4D VQ-GAN: Synthesising Medical Scans at Any Time Point for Personalised Disease Progression Modelling of Idiopathic Pulmonary Fibrosis

TL;DR

This paper tackles the challenge of modeling IPF progression from high-dimensional CT volumes by learning a continuous 4D trajectory. It introduces 4D-VQ-GAN, which uses a 3D-VQ-GAN to encode CTs into a discrete latent space and a neural ODE to model temporal evolution, enabling generation of CTs at any time point from sparse observations. The authors validate the method on IPF CT data through interpolation/extrapolation tasks and survival-analysis-based biomarkers, showing generated scans preserve prognostic information comparable to real data. This work advances personalized disease progression modelling and holds potential for synthetic data, data augmentation, and improved treatment planning in IPF.

Abstract

Understanding the progression trajectories of diseases is crucial for early diagnosis and effective treatment planning. This is especially vital for life-threatening conditions such as Idiopathic Pulmonary Fibrosis (IPF), a chronic, progressive lung disease with a prognosis comparable to many cancers. Computed tomography (CT) imaging has been established as a reliable diagnostic tool for IPF. Accurately predicting future CT scans of early-stage IPF patients can aid in developing better treatment strategies, thereby improving survival outcomes. In this paper, we propose 4D Vector Quantised Generative Adversarial Networks (4D-VQ-GAN), a model capable of generating realistic CT volumes of IPF patients at any time point. The model is trained using a two-stage approach. In the first stage, a 3D-VQ-GAN is trained to reconstruct CT volumes. In the second stage, a Neural Ordinary Differential Equation (ODE) based temporal model is trained to capture the temporal dynamics of the quantised embeddings generated by the encoder in the first stage. We evaluate different configurations of our model for generating longitudinal CT scans and compare the results against ground truth data, both quantitatively and qualitatively. For validation, we conduct survival analysis using imaging biomarkers derived from generated CT scans and achieve a C-index comparable to that of biomarkers derived from the real CT scans. The survival analysis results demonstrate the potential clinical utility inherent to generated longitudinal CT scans, showing that they can reliably predict survival outcomes.

Figures (9)

• Figure 1: The overview of our two-stage training strategies. The first stage trains an encoder-decoder-based 3D-VQ-GAN to reconstruct the CT volumes. The second stage takes the latent embeddings ($z_t, ..., z_0$) from the first stage, and trains a temporal model to reconstruct them. The temporal model consists of a 3D-ConvGRU, that compresses the temporal latent embeddings to match the dimensionality of the input of the ODE Solver to ease the computational burden. The projector, a light-weight 3D convolutional module reconstructs the temporal latent embeddings from the outputs of the ODE Solver. Those reconstructed latent embeddings are then fed into a frozen 3D-VQ-GAN Decoder from stage 1 for longitudinal CT reconstruction.
• Figure 2: The inference of the trained model. Given two scans, the model can generate more scans up to the specified year at a specific interval.
• Figure 3: Three real CT scans of an IPF patient are shown in the upper panel, representing axial, coronal, and sagittal sections.

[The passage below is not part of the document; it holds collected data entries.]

lemma write_tag_step:
  assumes "wf_history s" "prot_step s s'" "write_tag s w t"
  shows "write_tag s' w t"
proof -
  obtain E where E: "hist s' = hist s @ E" using step_hist_extends[OF assms(2)] by blast
  obtain c where c: "OpInv w c WriteOp \<in> set (hist s)"
    "(\<exists>i v S A. ph s c = PD w i t v S A) \<or>
      (\<exists>n i v. Suc n < length (hist s) \<and> hist s ! n = PrimResp i RAck \<and> hist s ! Suc n = OpResp w \<and>
               PrimInv i c (PutData t v) \<in> set (hist s))"
    using assms(3) unfolding write_tag_def by blast
  from c(2) show ?thesis
  proof (elim disjE exE conjE)
    fix i v S A assume PD: "ph s c = PD w i t v S A"
    then have "PrimInv i c (PutData t v) \<in> set (hist s)"
      using phase_logged_state[OF assms(1), of c] by simp
    with put_phase_step[OF assms(2) PD] show ?thesis
    proof (elim disjE exE)
      fix S' A' assume "ph s' c = PD w i t v S' A'"
      then show ?thesis using c(1) E unfolding write_tag_def by auto
    next
      assume "hist s' = hist s @ [PrimResp i RAck, OpResp w]"
      then show ?thesis using c(1) \<open>PrimInv i c (PutData t v) \<in> set (hist s)\<close>
        by (intro write_tag_completedI[where h = "hist s'" and n = "length (hist s)" and E = "[]"])
          (auto simp: nth_append)
    qed
  qed (use c(1) E in \<open>auto intro: write_tag_completedI\<close>)
qed

lemma write_tag_unique:
  assumes wf: "wf_history s" and "write_tag s w t1" "write_tag s w t2"
  shows "t1 = t2"
proof (cases "OpResp w \<in> set (hist s)")
  case True
  then obtain n1 i1 c1 v1 n2 i2 c2 v2 where
    n1: "Suc n1 < length (hist s)" "hist s ! n1 = PrimResp i1 RAck" "hist s ! Suc n1 = OpResp w"
    and p1: "PrimInv i1 c1 (PutData t1 v1) \<in> set (hist s)"
    and n2: "Suc n2 < length (hist s)" "hist s ! n2 = PrimResp i2 RAck" "hist s ! Suc n2 = OpResp w"
    and p2: "PrimInv i2 c2 (PutData t2 v2) \<in> set (hist s)"
    using write_tag_completedD[OF wf assms(2)] write_tag_completedD[OF wf assms(3)] by metis
  have "n1 = n2" using op_resp_index_unique[OF wf n1(1) n2(1) n1(3) n2(3)] by simp
  then have "i2 = i1" using n1(2) n2(2) by simp
  then show ?thesis using prim_inv_unique[OF wf p1 p2[unfolded \<open>i2 = i1\<close>]] by simp
next
  case False
  have pending: "\<exists>c i v S A. OpInv w c WriteOp \<in> set (hist s) \<and> ph s c = PD w i t v S A"
    if "write_tag s w t" for t
    using that False unfolding write_tag_def by (metis nth_mem)
  obtain c1 c2 i1 v1 S1 A1 i2 v2 S2 A2 where
    "OpInv w c1 WriteOp \<in> set (hist s)" "ph s c1 = PD w i1 t1 v1 S1 A1"
    "OpInv w c2 WriteOp \<in> set (hist s)" "ph s c2 = PD w i2 t2 v2 S2 A2"
    using pending[OF assms(2)] pending[OF assms(3)] by blast
  then show ?thesis using op_inv_unique[OF wf] by fastforce
qed

definition tag_valid :: "('p,'c,'v,'e) gstate \<Rightarrow> 'c tag \<Rightarrow> bool" where
  "tag_valid s t \<longleftrightarrow> t0 \<le> t \<and> (t = t0 \<or> (\<exists>w. write_tag s w t))"

lemma tag_valid_step: "wf_history s \<Longrightarrow> prot_step s s' \<Longrightarrow> tag_valid s t \<Longrightarrow> tag_valid s' t"
  unfolding tag_valid_def using write_tag_step by blast

section \<open>Signed data\<close>

definition tag_replies :: "('p,'c,'v,'e) gstate \<Rightarrow> 'p \<Rightarrow> nat \<Rightarrow> ('c,'e) item set" where
  "tag_replies s j i = {x. (\<exists>c. (Fx j, Cl c, TagRep i x) \<in> net s) \<or>
                           (\<exists>c oi v R. ph s c = GT oi i v R \<and> R j = Some x)}"

definition data_replies :: "('p,'c,'v,'e) gstate \<Rightarrow> 'p \<Rightarrow> nat \<Rightarrow> ('c,'e) item set set" where
  "data_replies s j i = {X. (\<exists>c. (Fx j, Cl c, DataRep i X) \<in> net s) \<or>
                            (\<exists>c oi R. ph s c = GD oi i R \<and> R j = Some X)}"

Using two scans from year 0 and year 2, the trained model can generate CT scans at any arbitrary time points. The below panel shows the generated CT images at five different time points, with three corresponding to the real scans. A zoomed region of the left lower lobe (yellow box) in the real and generated CT scans show comparable amounts of architectural distortion, patterned ground glass opacification and reticulation, all hallmarks of lung fibrosis.
• Figure 4: Segmentation results for selected cases from Leuven cohort
• Figure 5: Visualization of four registration outcomes with a focus on lung areas for clarity. The left two columns present axial views before and after registration, while the right two columns showcase coronal views. Baseline scans are denoted in blue, whereas follow-up scans are highlighted in yellow. The merging of colours results in grey or white hues, indicating aligned structures due to RGB amalgamation. Notably, follow-up scans are registered to their corresponding baseline scans. The first two rows illustrate cases with successful registration outcomes, while the subsequent two rows demonstrate instances of varying degrees of misalignment.